**WORK ORDER**
Wherever the line with "finally show ?case" sits in the listing below, transcribe from it up to and including the line with "using margin [of p] by (auto simp: p_def)", exactly, and leave the remaining lines out.

**INFORMATION GIVEN**
(* Let $X,Y$ be finite nonempty sets, $\alpha>0$, and let $A\in\mathbb{R}^{X\times Y}$ satisfy $\operatorname{Ldim}_\alpha(A)=d$, $\|A\|_{\gamma_2}=\gamma$ and $\max_{x,y}|A(x,y)|=M$. Then $$\gamma\ge\frac{\alpha\sqrt d}{2(M+1)}-1 .$$ Consequently (since $M\le\gamma$), $d\le 4(\gamma+1)^4/\alpha^2$; in particular $d=O_\alpha(\gamma^4)$.
   Context: The $\gamma_2$ factorization norm of a matrix $A$ is $\|A\|_{\gamma_2}=\min_{UV=A}\|U\|_{\mathrm{row}}\|V\|_{\mathrm{col}}$, where the minimum is over all factorizations $A=UV$, $\|U\|_{\mathrm{row}}$ is the largest Euclidean norm of a row of $U$ and $\|V\|_{\mathrm{col}}$ the largest Euclidean norm of a column of $V$. A weighted mistake tree of depth $d$ over $X$ is a complete binary tree of depth $d$ in which each internal node $\nu$ is labelled by $x(\nu)\in X$ and a real number $w(\nu)$, with a designated left and right child. $A$ $\alpha$-shatters it if for every root-to-leaf path $(\nu_1,\dots,\nu_{d+1})$ there is $y\in Y$ such that for all $1\le i\le d$: $A(x(\nu_i),y)\ge w(\nu_i)+\alpha/2$ if $\nu_{i+1}$ is the left child of $\nu_i$, and $A(x(\nu_i),y)\le w(\nu_i)-\alpha/2$ if $\nu_{i+1}$ is the right child. $\operatorname{Ldim}_\alpha(A)$ is the largest $d$ such that some weighted mistake tree of depth $d$ is $\alpha$-shattered by $A$. *)

theory Defs
  imports Complex_Main
begin

text \<open>A matrix indexed by X \<times> Y is a function A :: 'x \<Rightarrow> 'y \<Rightarrow> real, considered on X \<times> Y.\<close>

definition row_norm :: "'x set \<Rightarrow> nat \<Rightarrow> ('x \<Rightarrow> nat \<Rightarrow> real) \<Rightarrow> real" where
  "row_norm X k U = Max ((\<lambda>x. sqrt (\<Sum>i<k. (U x i)^2)) ` X)"

definition col_norm :: "'y set \<Rightarrow> nat \<Rightarrow> (nat \<Rightarrow> 'y \<Rightarrow> real) \<Rightarrow> real" where
  "col_norm Y k V = Max ((\<lambda>y. sqrt (\<Sum>i<k. (V i y)^2)) ` Y)"

definition is_factorization ::
  "'x set \<Rightarrow> 'y set \<Rightarrow> ('x \<Rightarrow> 'y \<Rightarrow> real) \<Rightarrow> nat \<Rightarrow> ('x \<Rightarrow> nat \<Rightarrow> real) \<Rightarrow> (nat \<Rightarrow> 'y \<Rightarrow> real) \<Rightarrow> bool" where
  "is_factorization X Y A k U V \<longleftrightarrow> (\<forall>x\<in>X. \<forall>y\<in>Y. A x y = (\<Sum>i<k. U x i * V i y))"

definition gamma2 :: "'x set \<Rightarrow> 'y set \<Rightarrow> ('x \<Rightarrow> 'y \<Rightarrow> real) \<Rightarrow> real" where
  "gamma2 X Y A = Inf {row_norm X k U * col_norm Y k V | k U V. is_factorization X Y A k U V}"

text \<open>Weighted mistake tree of depth d: nodes are boolean lists (addresses from the root),
  internal nodes are those of length < d; label xl and weight w on internal nodes.
  A root-to-leaf path is a boolean list p of length d; the i-th node on the path is take i p,
  and p ! i = True means the path goes to the left child.\<close>

definition shatters ::
  "'x set \<Rightarrow> 'y set \<Rightarrow> ('x \<Rightarrow> 'y \<Rightarrow> real) \<Rightarrow> real \<Rightarrow> nat \<Rightarrow> (bool list \<Rightarrow> 'x) \<Rightarrow> (bool list \<Rightarrow> real) \<Rightarrow> bool" where
  "shatters X Y A \<alpha> d xl w \<longleftrightarrow>
     (\<forall>\<nu>. length \<nu> < d \<longrightarrow> xl \<nu> \<in> X) \<and>
     (\<forall>p. length p = d \<longrightarrow> (\<exists>y\<in>Y. \<forall>i<d.
        (p ! i \<longrightarrow> A (xl (take i p)) y \<ge> w (take i p) + \<alpha> / 2) \<and>
        (\<not> p ! i \<longrightarrow> A (xl (take i p)) y \<le> w (take i p) - \<alpha> / 2)))"

definition Ldim :: "'x set \<Rightarrow> 'y set \<Rightarrow> real \<Rightarrow> ('x \<Rightarrow> 'y \<Rightarrow> real) \<Rightarrow> nat" where
  "Ldim X Y \<alpha> A = (GREATEST d. \<exists>xl w. shatters X Y A \<alpha> d xl w)"

end

theory Submission
  imports Defs "HOL-Analysis.Convex"
begin

text \<open>Factor \<open>A = U V\<close> with row norms at most \<open>r\<close> and column norms at most \<open>c\<close>, rescaled so
  that both become \<open>\<surd>(r c)\<close>. Appending the weight \<open>w \<nu>\<close> to the row of \<open>xl \<nu>\<close> and \<open>-1\<close> to
  every column turns shattering into a margin condition: along every path, some column vector
  \<open>v\<close> with \<open>|v|\<^sup>2 \<le> r c + 1\<close> has \<open>\<pm>\<langle>u \<nu>, v\<rangle> \<ge> \<alpha> / 2\<close> at each node \<open>\<nu>\<close> of the path, where
  \<open>|u \<nu>|\<^sup>2 \<le> r c + M\<^sup>2\<close>. Walk down the tree choosing each direction so that the new signed
  term makes a nonpositive angle with the signed sum \<open>G\<close> of the vectors met so far; then
  \<open>|G|\<^sup>2 \<le> d (r c + M\<^sup>2)\<close>. Summing the margins along this path and applying Cauchy-Schwarz gives
  \<open>d \<alpha> / 2 \<le> \<langle>G, v\<rangle> \<le> \<surd>(d (r c + M\<^sup>2) (r c + 1))\<close>, hence
  \<open>d \<alpha>\<^sup>2 \<le> 4 (r c + M\<^sup>2) (r c + 1) \<le> (2 (M + 1) (r c + 1))\<^sup>2\<close>, and it remains to take the infimum
  over all factorizations.\<close>

section \<open>Depth of trees shattered by inner products with a margin\<close>

definition sgn_of_bool :: "bool \<Rightarrow> real" where
  "sgn_of_bool b = (if b then 1 else -1)"

lemma sgn_of_bool_sq [simp]: "(sgn_of_bool b)\<^sup>2 = 1"
  by (simp add: sgn_of_bool_def)

definition signed_sum :: "(bool list \<Rightarrow> nat \<Rightarrow> real) \<Rightarrow> bool list \<Rightarrow> nat \<Rightarrow> real" where
  "signed_sum u p j = (\<Sum>i<length p. sgn_of_bool (p ! i) * u (take i p) j)"

lemma signed_sum_snoc: "signed_sum u (p @ [b]) j = signed_sum u p j + sgn_of_bool b * u p j"
proof -
  have "(\<Sum>i<length p. sgn_of_bool ((p @ [b]) ! i) * u (take i (p @ [b])) j) = signed_sum u p j"
    unfolding signed_sum_def by (rule sum.cong) (auto simp: nth_append)
  then show ?thesis
    by (simp add: signed_sum_def)
qed

primrec greedy_path :: "nat \<Rightarrow> (bool list \<Rightarrow> nat \<Rightarrow> real) \<Rightarrow> nat \<Rightarrow> bool list" where
  "greedy_path k u 0 = []"
| "greedy_path k u (Suc n) =
     greedy_path k u n @
       [(\<Sum>j<k. signed_sum u (greedy_path k u n) j * u (greedy_path k u n) j) \<le> 0]"

lemma length_greedy_path [simp]: "length (greedy_path k u n) = n"
  by (induction n) auto

lemma sum_sq_signed_sum_greedy_path:
  assumes "\<And>\<nu>. length \<nu> < n \<Longrightarrow> (\<Sum>j<k. (u \<nu> j)\<^sup>2) \<le> R2"
  shows "(\<Sum>j<k. (signed_sum u (greedy_path k u n) j)\<^sup>2) \<le> n * R2"
  using assms
proof (induction n)
  case 0
  then show ?case
    by (simp add: signed_sum_def)
next
  case (Suc n)
  define p where "p = greedy_path k u n"
  define s where "s = sgn_of_bool ((\<Sum>j<k. signed_sum u p j * u p j) \<le> 0)"
  have cross: "s * (\<Sum>j<k. signed_sum u p j * u p j) \<le> 0"
    by (simp add: s_def sgn_of_bool_def)
  have "(\<Sum>j<k. (signed_sum u (greedy_path k u (Suc n)) j)\<^sup>2)
      = (\<Sum>j<k. (signed_sum u p j)\<^sup>2 + 2 * s * (signed_sum u p j * u p j) + (u p j)\<^sup>2)"
    unfolding p_def [symmetric] s_def [symmetric] greedy_path.simps
    by (rule sum.cong) (simp_all add: s_def signed_sum_snoc power2_sum power_mult_distrib)
  also have "\<dots> = (\<Sum>j<k. (signed_sum u p j)\<^sup>2) + 2 * (s * (\<Sum>j<k. signed_sum u p j * u p j))
        + (\<Sum>j<k. (u p j)\<^sup>2)"
    by (simp add: sum.distrib sum_distrib_left mult.assoc)
  also have "\<dots> \<le> n * R2 + 0 + R2"
    using Suc cross by (intro add_mono) (auto simp: p_def)
  finally show ?case
    by (simp add: algebra_simps)
qed

lemma margin_tree_depth_bound:
  fixes u :: "bool list \<Rightarrow> nat \<Rightarrow> real"
  assumes norm_u: "\<And>\<nu>. length \<nu> < d \<Longrightarrow> (\<Sum>j<k. (u \<nu> j)\<^sup>2) \<le> R2"
    and margin: "\<And>p. length p = d \<Longrightarrow> \<exists>v. (\<Sum>j<k. (v j)\<^sup>2) \<le> C2 \<and>
        (\<forall>i<d. \<alpha> / 2 \<le> sgn_of_bool (p ! i) * (\<Sum>j<k. u (take i p) j * v j))"
    and "0 \<le> \<alpha>" "0 < d"
  shows "real d * \<alpha>\<^sup>2 \<le> 4 * R2 * C2"
proof -
  define p where "p = greedy_path k u d"
  obtain v where v: "(\<Sum>j<k. (v j)\<^sup>2) \<le> C2"
    and v_margin: "\<And>i. i < d \<Longrightarrow> \<alpha> / 2 \<le> sgn_of_bool (p ! i) * (\<Sum>j<k. u (take i p) j * v j)"
    using margin [of p] by (auto simp: p_def)
  have "real d * (\<alpha> / 2) \<le> (\<Sum>i<d. sgn_of_bool (p ! i) * (\<Sum>j<k. u (take i p) j * v j))"
    using sum_mono [of "{..<d}" "\<lambda>_. \<alpha> / 2"] v_margin by simp
  also have "\<dots> = (\<Sum>j<k. signed_sum u p j * v j)"
    by (simp add: signed_sum_def p_def sum_distrib_left sum_distrib_right sum.swap [of _ "{..<k}"]
        mult.assoc)
  finally have "(real d * (\<alpha> / 2))\<^sup>2 \<le> (\<Sum>j<k. signed_sum u p j * v j)\<^sup>2"
    using \<open>0 \<le> \<alpha>\<close> by (intro power_mono) auto
  also have "\<dots> \<le> (\<Sum>j<k. (signed_sum u p j)\<^sup>2) * (\<Sum>j<k. (v j)\<^sup>2)"
    by (rule Cauchy_Schwarz_ineq_sum)
  also have "\<dots> \<le> (real d * R2) * C2"
  proof (intro mult_mono)
    show "(\<Sum>j<k. (signed_sum u p j)\<^sup>2) \<le> real d * R2"
      unfolding p_def by (rule sum_sq_signed_sum_greedy_path) (rule norm_u)
    show "0 \<le> real d * R2"
      using norm_u [of "[]"] \<open>0 < d\<close> sum_nonneg [of "{..<k}" "\<lambda>j. (u [] j)\<^sup>2"] by simp
  qed (use v in \<open>auto simp: sum_nonneg\<close>)
  finally have "real d * (real d * \<alpha>\<^sup>2) \<le> real d * (4 * R2 * C2)"
    by (simp add: power2_eq_square algebra_simps)
  then show ?thesis
    using \<open>0 < d\<close> by simp
qed

section \<open>Shattered weighted mistake trees\<close>

lemma shatters_label:
  assumes "shatters X Y A \<alpha> d xl w" "length \<nu> < d"
  shows "xl \<nu> \<in> X"
  using assms by (simp add: shatters_def)

lemma shatters_witness:
  assumes "shatters X Y A \<alpha> d xl w" "length p = d"
  obtains y where "y \<in> Y"
    and "\<And>i. i < d \<Longrightarrow> \<alpha> / 2 \<le> sgn_of_bool (p ! i) * (A (xl (take i p)) y - w (take i p))"
proof -
  obtain y where "y \<in> Y" and y: "\<forall>i<d.
      (p ! i \<longrightarrow> A (xl (take i p)) y \<ge> w (take i p) + \<alpha> / 2) \<and>
      (\<not> p ! i \<longrightarrow> A (xl (take i p)) y \<le> w (take i p) - \<alpha> / 2)"
    using assms unfolding shatters_def by blast
  have "\<alpha> / 2 \<le> sgn_of_bool (p ! i) * (A (xl (take i p)) y - w (take i p))" if "i < d" for i
    using y that by (cases "p ! i") (auto simp: sgn_of_bool_def)
  with \<open>y \<in> Y\<close> show thesis
    using that by blast
qed

lemma shatters_node_split:
  assumes "shatters X Y A \<alpha> d xl w" "length \<nu> < d"
  obtains y1 y2 where "y1 \<in> Y" "y2 \<in> Y"
    and "w \<nu> + \<alpha> / 2 \<le> A (xl \<nu>) y1" "A (xl \<nu>) y2 \<le> w \<nu> - \<alpha> / 2"
proof -
  define p where "p b = \<nu> @ replicate (d - length \<nu>) b" for b
  have p: "length (p b) = d" "take (length \<nu>) (p b) = \<nu>" "p b ! length \<nu> = b" for b
    using assms(2) by (simp_all add: p_def nth_append)
  obtain y1 where "y1 \<in> Y" "\<alpha> / 2 \<le> sgn_of_bool True * (A (xl \<nu>) y1 - w \<nu>)"
    using shatters_witness [OF assms(1) p(1)] assms(2) p(2,3) by metis
  moreover obtain y2 where "y2 \<in> Y" "\<alpha> / 2 \<le> sgn_of_bool False * (A (xl \<nu>) y2 - w \<nu>)"
    using shatters_witness [OF assms(1) p(1)] assms(2) p(2,3) by metis
  ultimately show thesis
    using that by (simp add: sgn_of_bool_def)
qed

lemma shatters_weight_bound:
  assumes "shatters X Y A \<alpha> d xl w" "length \<nu> < d"
    and "\<And>x y. x \<in> X \<Longrightarrow> y \<in> Y \<Longrightarrow> \<bar>A x y\<bar> \<le> B"
  shows "\<bar>w \<nu>\<bar> \<le> B - \<alpha> / 2"
proof -
  obtain y1 y2 where "y1 \<in> Y" "y2 \<in> Y"
    and "w \<nu> + \<alpha> / 2 \<le> A (xl \<nu>) y1" "A (xl \<nu>) y2 \<le> w \<nu> - \<alpha> / 2"
    using shatters_node_split [OF assms(1,2)] .
  moreover have "\<bar>A (xl \<nu>) y1\<bar> \<le> B" "\<bar>A (xl \<nu>) y2\<bar> \<le> B"
    using assms(3) shatters_label [OF assms(1,2)] \<open>y1 \<in> Y\<close> \<open>y2 \<in> Y\<close> by auto
  ultimately show ?thesis
    by linarith
qed

lemma shatters_margin_le:
  assumes "shatters X Y A \<alpha> d xl w" "0 < d"
    and "\<And>x y. x \<in> X \<Longrightarrow> y \<in> Y \<Longrightarrow> \<bar>A x y\<bar> \<le> B"
  shows "\<alpha> / 2 \<le> B"
  using shatters_weight_bound [of X Y A \<alpha> d xl w "[]" B] assms by fastforce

**SOLUTION**
  finally show ?case
    by (simp add: algebra_simps)
qed

lemma margin_tree_depth_bound:
  fixes u :: "bool list \<Rightarrow> nat \<Rightarrow> real"
  assumes norm_u: "\<And>\<nu>. length \<nu> < d \<Longrightarrow> (\<Sum>j<k. (u \<nu> j)\<^sup>2) \<le> R2"
    and margin: "\<And>p. length p = d \<Longrightarrow> \<exists>v. (\<Sum>j<k. (v j)\<^sup>2) \<le> C2 \<and>
        (\<forall>i<d. \<alpha> / 2 \<le> sgn_of_bool (p ! i) * (\<Sum>j<k. u (take i p) j * v j))"
    and "0 \<le> \<alpha>" "0 < d"
  shows "real d * \<alpha>\<^sup>2 \<le> 4 * R2 * C2"
proof -
  define p where "p = greedy_path k u d"
  obtain v where v: "(\<Sum>j<k. (v j)\<^sup>2) \<le> C2"
    and v_margin: "\<And>i. i < d \<Longrightarrow> \<alpha> / 2 \<le> sgn_of_bool (p ! i) * (\<Sum>j<k. u (take i p) j * v j)"
    using margin [of p] by (auto simp: p_def)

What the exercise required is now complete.